Aussi est-ce Jésus lui-même qui tient ce rôle, qui les tire à part, qui va pourvoir à cette réfection dont ils ont besoin : repos pour le corps et l’esprit, nourriture, etc. Autrement dit, c’est lui qui se substitue aux auditeurs ! Les envoyés ont été jusqu’à être Jésus même qui rencontre les foules, de sorte qu’au terme de leur mission les foules sont en contact immédiat avec Jésus. Mais Jésus de son côté est lui-même la foule, c’est lui leurs auditeurs (après tout, il écoute leur compte-rendu !) et lui qui prend soin de leur vie.

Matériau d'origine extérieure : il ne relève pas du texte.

(* Let $\boldsymbol\alpha=(\alpha_i(\theta_b))_{1\le i\le k,1\le b\le B}$ be a fixed static allocation in the setting described in the context. Then for every $b\in\{1,\dots,B\}$ and every solution $i\neq i^b$, $$\liminf_{n\to\infty}-\frac1n\log \mathrm{P}\left(m^n_{i,b}=1\right)\;\ge\; G_i(\theta_b),$$ where $m^n_{i,b}=\mathbf 1\{i=i^b_n\}$.
   Context: There are $k\ge2$ solutions and $B$ parameter values $\theta_1,\dots,\theta_B$ with probabilities $p_1,\dots,p_B\ge 0$, $\sum_b p_b=1$. For each $i,b$, $y_i(\theta_b)\in\mathbb R$ is the (unknown) mean simulation output of solution $i$ at $\theta_b$. For each $b$ the conditional optimum $i^b=\arg\min_{1\le i\le k}y_i(\theta_b)$ is assumed unique. Simulation outputs $Y_{i1}(\theta_b),Y_{i2}(\theta_b),\dots$ at pair $(i,\theta_b)$ are i.i.d. $N(y_i(\theta_b),\lambda_i^2(\theta_b))$ with known $\lambda_i(\theta_b)>0$, independent across pairs. A static allocation is a vector $\boldsymbol\alpha$ with $\alpha_i(\theta_b)\ge0$ and $\sum_{i,b}\alpha_i(\theta_b)=1$; given $\boldsymbol\alpha$, after a total budget $n$ the pair $(i,\theta_b)$ has received $N_i^n(\theta_b)$ replications, where $N_i^n(\theta_b)/n\to\alpha_i(\theta_b)$ and $N_i^n(\theta_b)\to\infty$ as $n\to\infty$ (even if $\alpha_i(\theta_b)=0$). Let $\mu_{i,n}(\theta_b)$ be the sample mean of the $N_i^n(\theta_b)$ outputs at $(i,\theta_b)$ and $i^b_n=\arg\min_i\mu_{i,n}(\theta_b)$. For $i\ne i^b$ define $$G_i(\theta_b)=\frac{(y_i(\theta_b)-y_{i^b}(\theta_b))^2}{2\left(\lambda_i^2(\theta_b)/\alpha_i(\theta_b)+\lambda_{i^b}^2(\theta_b)/\alpha_{i^b}(\theta_b)\right)},$$ with $G_i(\theta_b)=0$ if $\alpha_i(\theta_b)=0$ or $\alpha_{i^b}(\theta_b)=0$. *)

theory Defs
  imports "HOL-Probability.Probability"
begin

text \<open>Solutions are indexed by i < k, parameter values theta_b by b < B.
  y i b = y_i(theta_b), lam i b = lambda_i(theta_b), alpha i b = alpha_i(theta_b),
  ib b = i^b (the unique conditional optimum).\<close>

definition G_rate :: "(nat \<Rightarrow> nat \<Rightarrow> real) \<Rightarrow> (nat \<Rightarrow> nat \<Rightarrow> real) \<Rightarrow> (nat \<Rightarrow> nat \<Rightarrow> real)
    \<Rightarrow> (nat \<Rightarrow> nat) \<Rightarrow> nat \<Rightarrow> nat \<Rightarrow> real" where
  "G_rate y lam alpha ib i b =
     (if alpha i b = 0 \<or> alpha (ib b) b = 0 then 0
      else (y i b - y (ib b) b)^2 /
           (2 * ((lam i b)^2 / alpha i b + (lam (ib b) b)^2 / alpha (ib b) b)))"

definition sample_mean :: "(nat \<Rightarrow> nat \<Rightarrow> nat \<Rightarrow> 'a \<Rightarrow> real) \<Rightarrow> (nat \<Rightarrow> nat \<Rightarrow> nat \<Rightarrow> nat)
    \<Rightarrow> nat \<Rightarrow> nat \<Rightarrow> nat \<Rightarrow> 'a \<Rightarrow> real" where
  "sample_mean Y N n i b \<omega> = (\<Sum>j<N n i b. Y i b j \<omega>) / real (N n i b)"

end

theory Submission
  imports Defs
begin

text \<open>Solution \<open>i\<close> can have the smallest sample mean at \<open>\<theta>\<^sub>b\<close> only if its sample mean is at
  most that of the optimum \<open>ib b\<close>. The difference of these two sample means is normal with mean
  \<open>y i b - y (ib b) b > 0\<close> and variance \<open>lam i b\<^sup>2 / N n i b + lam (ib b) b\<^sup>2 / N n (ib b) b\<close>, so
  the Gaussian tail bound \<open>P(Z \<le> 0) \<le> exp (-\<mu>\<^sup>2 / (2\<sigma>\<^sup>2))\<close> bounds its probability by
  \<open>exp (- n G\<^sub>n)\<close>, where \<open>G\<^sub>n\<close> is the rate \<open>G_rate\<close> evaluated at the empirical allocation
  \<open>N n i b / n\<close>. If both allocations are positive, \<open>G\<^sub>n\<close> converges to the rate at \<open>alpha\<close>;
  otherwise that rate is \<open>0\<close> and there is nothing to bound.
  Since \<open>ln 0 = 0\<close> in HOL, the event must also be shown to have positive probability:
  independent normals charge every box, and on a box where the outputs of \<open>i\<close> are \<open>\<le> 0\<close> and
  all other outputs \<open>\<ge> 0\<close>, solution \<open>i\<close> wins.\<close>

lemma (in prob_space) prob_normal_le_exp:
  assumes X: "distributed M lborel X (normal_density \<mu> \<sigma>)" and "0 < \<sigma>" and "a \<le> \<mu>"
  shows "prob {\<omega> \<in> space M. X \<omega> \<le> a} \<le> exp (- (\<mu> - a)\<^sup>2 / (2 * \<sigma>\<^sup>2))"
proof -
  let ?c = "exp (- (\<mu> - a)\<^sup>2 / (2 * \<sigma>\<^sup>2))"
  have density_le: "normal_density \<mu> \<sigma> x \<le> ?c * normal_density a \<sigma> x" if "x \<le> a" for x
  proof -
    have "(\<mu> - a)\<^sup>2 + (x - a)\<^sup>2 \<le> (x - \<mu>)\<^sup>2"
      using mult_nonneg_nonneg[of "a - x" "\<mu> - a"] that \<open>a \<le> \<mu>\<close>
      by (simp add: power2_eq_square algebra_simps)
    then have "- (x - \<mu>)\<^sup>2 / (2 * \<sigma>\<^sup>2) \<le> - (\<mu> - a)\<^sup>2 / (2 * \<sigma>\<^sup>2) + - (x - a)\<^sup>2 / (2 * \<sigma>\<^sup>2)"
      using \<open>0 < \<sigma>\<close> by (simp add: field_simps)
    then show ?thesis
      unfolding normal_density_def by (simp add: exp_add[symmetric] divide_right_mono)
  qed
  have "emeasure M {\<omega> \<in> space M. X \<omega> \<le> a}
      = (\<integral>\<^sup>+x. ennreal (normal_density \<mu> \<sigma> x) * indicator {..a} x \<partial>lborel)"
    using distributed_emeasure[OF X, of "{..a}"] by (simp add: vimage_def Int_def conj_commute)
  also have "\<dots> \<le> (\<integral>\<^sup>+x. ennreal ?c * ennreal (normal_density a \<sigma> x) \<partial>lborel)"
  proof (intro nn_integral_mono)
    fix x
    show "ennreal (normal_density \<mu> \<sigma> x) * indicator {..a} x \<le> ennreal ?c * ennreal (normal_density a \<sigma> x)"
      using density_le[of x] by (cases "x \<le> a") (simp_all add: ennreal_mult'[symmetric])
  qed
  also have "\<dots> = ennreal ?c"
    using \<open>0 < \<sigma>\<close> by (simp add: nn_integral_cmult nn_integral_eq_integral)
  finally show ?thesis
    by (simp add: emeasure_eq_measure)
qed

lemma (in prob_space) prob_normal_interval_pos:
  assumes X: "distributed M lborel X (normal_density \<mu> \<sigma>)" and "0 < \<sigma>" and "l < u"
  shows "0 < prob {\<omega> \<in> space M. X \<omega> \<in> {l..u}}"
proof -
  have "{x \<in> space lborel. ennreal (normal_density \<mu> \<sigma> x) * indicator {l..u} x \<noteq> 0} = {l..u}"
    using normal_density_pos[OF \<open>0 < \<sigma>\<close>, of \<mu>] by (auto split: split_indicator simp: less_le)
  then have "(\<integral>\<^sup>+x. ennreal (normal_density \<mu> \<sigma> x) * indicator {l..u} x \<partial>lborel) \<noteq> 0"
    using \<open>l < u\<close> by (subst nn_integral_0_iff) auto
  moreover have "emeasure M {\<omega> \<in> space M. X \<omega> \<in> {l..u}}
      = (\<integral>\<^sup>+x. ennreal (normal_density \<mu> \<sigma> x) * indicator {l..u} x \<partial>lborel)"
    using distributed_emeasure[OF X, of "{l..u}"] by (simp add: vimage_def Int_def conj_commute)
  ultimately show ?thesis
    by (simp add: emeasure_eq_measure zero_less_measure_iff) (metis ennreal_0)
qed

lemma (in prob_space) prob_indep_vars_all_in_pos:
  assumes indep: "indep_vars M' X J" and "finite J"
    and A: "\<And>x. x \<in> J \<Longrightarrow> A x \<in> sets (M' x)"
    and pos: "\<And>x. x \<in> J \<Longrightarrow> 0 < prob {\<omega> \<in> space M. X x \<omega> \<in> A x}"
  shows "0 < prob {\<omega> \<in> space M. \<forall>x\<in>J. X x \<omega> \<in> A x}"
proof (cases "J = {}")
  case True
  then show ?thesis by (simp add: prob_space)
next
  case False
  have "{\<omega> \<in> space M. \<forall>x\<in>J. X x \<omega> \<in> A x} = (\<Inter>x\<in>J. X x -` A x \<inter> space M)"
    using False by auto
  then have "prob {\<omega> \<in> space M. \<forall>x\<in>J. X x \<omega> \<in> A x} = (\<Prod>x\<in>J. prob (X x -` A x \<inter> space M))"
    using indep_varsD_finite[OF indep False \<open>finite J\<close>] A by simp
  also have "\<dots> > 0"
    using pos by (intro prod_pos) (simp add: vimage_def Int_def conj_commute)
  finally show ?thesis .
qed

lemma (in prob_space) distributed_mean_diff_indep_normal:
  fixes I1 I2 :: "'i set"
  assumes indep: "indep_vars (\<lambda>_. borel) X I" and "I1 \<union> I2 \<subseteq> I"
    and "finite I1" "finite I2" "I1 \<noteq> {}" "I2 \<noteq> {}" "I1 \<inter> I2 = {}"
    and "0 < \<sigma>\<^sub>1" "0 < \<sigma>\<^sub>2"
    and X1: "\<And>x. x \<in> I1 \<Longrightarrow> distributed M lborel (X x) (normal_density \<mu>\<^sub>1 \<sigma>\<^sub>1)"
    and X2: "\<And>x. x \<in> I2 \<Longrightarrow> distributed M lborel (X x) (normal_density \<mu>\<^sub>2 \<sigma>\<^sub>2)"
  shows "distributed M lborel (\<lambda>\<omega>. (\<Sum>x\<in>I1. X x \<omega>) / card I1 - (\<Sum>x\<in>I2. X x \<omega>) / card I2)
           (normal_density (\<mu>\<^sub>1 - \<mu>\<^sub>2) (sqrt (\<sigma>\<^sub>1\<^sup>2 / card I1 + \<sigma>\<^sub>2\<^sup>2 / card I2)))"
proof -
  define c where "c x = (if x \<in> I1 then 1 / card I1 else - 1 / card I2)" for x
  define \<mu> where "\<mu> x = (if x \<in> I1 then \<mu>\<^sub>1 else \<mu>\<^sub>2)" for x
  define \<sigma> where "\<sigma> x = (if x \<in> I1 then \<sigma>\<^sub>1 else \<sigma>\<^sub>2)" for x
  have on_I1: "c x = 1 / card I1" "\<mu> x = \<mu>\<^sub>1" "\<sigma> x = \<sigma>\<^sub>1" if "x \<in> I1" for x
    using that by (simp_all add: c_def \<mu>_def \<sigma>_def)
  have on_I2: "c x = - 1 / card I2" "\<mu> x = \<mu>\<^sub>2" "\<sigma> x = \<sigma>\<^sub>2" if "x \<in> I2" for x
    using that \<open>I1 \<inter> I2 = {}\<close> by (auto simp: c_def \<mu>_def \<sigma>_def)
  have sum_split: "(\<Sum>x\<in>I1 \<union> I2. h x) = (\<Sum>x\<in>I1. h x) + (\<Sum>x\<in>I2. h x)" for h :: "'i \<Rightarrow> real"
    using \<open>finite I1\<close> \<open>finite I2\<close> \<open>I1 \<inter> I2 = {}\<close> by (rule sum.union_disjoint)
  have card_pos: "0 < card I1" "0 < card I2"
    using \<open>finite I1\<close> \<open>finite I2\<close> \<open>I1 \<noteq> {}\<close> \<open>I2 \<noteq> {}\<close> by (simp_all add: card_gt_0_iff)
  have c_nz: "c x \<noteq> 0" for x
    using card_pos by (simp add: c_def)
  have "indep_vars (\<lambda>_. borel) (\<lambda>x \<omega>. c x * X x \<omega>) (I1 \<union> I2)"
    using indep_vars_compose2[OF indep_vars_subset[OF indep \<open>I1 \<union> I2 \<subseteq> I\<close>],
        of "\<lambda>x t. c x * t" "\<lambda>_. borel"]
    by simp
  moreover have "distributed M lborel (\<lambda>\<omega>. c x * X x \<omega>) (normal_density (c x * \<mu> x) (\<bar>c x\<bar> * \<sigma> x))"
    if "x \<in> I1 \<union> I2" for x
    using normal_density_affine[of "X x" "\<mu> x" "\<sigma> x" "c x" 0] that X1 X2 c_nz \<open>0 < \<sigma>\<^sub>1\<close> \<open>0 < \<sigma>\<^sub>2\<close>
    by (auto simp: on_I1 on_I2)
  ultimately have "distributed M lborel (\<lambda>\<omega>. \<Sum>x\<in>I1 \<union> I2. c x * X x \<omega>)
      (normal_density (\<Sum>x\<in>I1 \<union> I2. c x * \<mu> x) (sqrt (\<Sum>x\<in>I1 \<union> I2. (\<bar>c x\<bar> * \<sigma> x)\<^sup>2)))"
    using \<open>finite I1\<close> \<open>finite I2\<close> \<open>I1 \<noteq> {}\<close> \<open>0 < \<sigma>\<^sub>1\<close> \<open>0 < \<sigma>\<^sub>2\<close> c_nz card_pos
    by (intro sum_indep_normal) (auto simp: on_I1 on_I2)
  moreover have "(\<Sum>x\<in>I1 \<union> I2. c x * X x \<omega>) = (\<Sum>x\<in>I1. X x \<omega>) / card I1 - (\<Sum>x\<in>I2. X x \<omega>) / card I2"
    for \<omega>
    by (simp add: sum_split on_I1 on_I2 sum_negf flip: sum_divide_distrib)
  moreover have "(\<Sum>x\<in>I1 \<union> I2. c x * \<mu> x) = \<mu>\<^sub>1 - \<mu>\<^sub>2"
    using card_pos by (simp add: sum_split on_I1 on_I2)
  moreover have "(\<Sum>x\<in>I1 \<union> I2. (\<bar>c x\<bar> * \<sigma> x)\<^sup>2) = \<sigma>\<^sub>1\<^sup>2 / card I1 + \<sigma>\<^sub>2\<^sup>2 / card I2"
    using card_pos by (simp add: sum_split on_I1 on_I2 power2_eq_square)
  ultimately show ?thesis
    by simp
qed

Marc nous laisse entendre que les envoyés n’ont pas quitté Jésus pour les foules : ils l’ont au contraire trouvé qui les attendait, mais ne l’ont pas reconnu, et c’est maintenant, à leur retour physique, que cela se révèle ! Révélation merveilleuse pour l’envoyé, mais révélation a posteriori : l’envoyeur ne l’a jamais quitté mais l’attendait et s’occupait lui-même de la vie de ses envoyés.

Quand ils s’en vont, la foule les voit ensemble … mais sans eux. Et à cela ils ne peuvent ni ne veulent plus consentir : ils voient, ils comprennent, ils courent, ils sont là avant eux. En sortant du bateau, « il vit une foule nombreuse et il fut « saisi aux tripes » à leur propos, parce qu’ils étaient comme des brebis n’ayant pas de berger, et il commença à leur enseigner beaucoup de choses. » Au bout du compte, pour que les envoyés puissent enfin se reposer et manger, Jésus s’occupe lui-même de la foule : il commence à enseigner, une des deux actions que les envoyés avaient exercées et dont ils avaient rendu compte. L’aboutissement de la mission des envoyés, c’est leur retrait, de sorte que c’est le maître lui-même qui est en contact immédiat avec la foule et qui approfondit lui-même l’annonce de l’évangile. L’envoyé, le disciple qui a reçu mission, interrompt celle-ci le cœur en paix : qu’il s’efface comme ici parce qu’il a besoin de repos, ou bien que plus dramatiquement comme Jean-Baptiste il s’efface parce qu’on le supprime, il sait que son action a mis en rapport immédiat le maître avec ceux à qui il a livré son exemple, son message, son service.

Cosimo Rosselli, Sermon sur la montagne (1481), fresque 349 x 570, chapelle Sixtine, Cité du Vatican.

L’expérience de la limite fait partie de l’expérience du disciple. Elle intervient au cours de l’exercice de sa mission. Elle est une école, celle qui fait remettre tout entre les mains d’un autre, en constatant qu’il s’occupe lui-même de ceux auxquels le disciple s’est attaché et donné, en accueillant aussi que l’invitation au repos soit sollicitude du maître.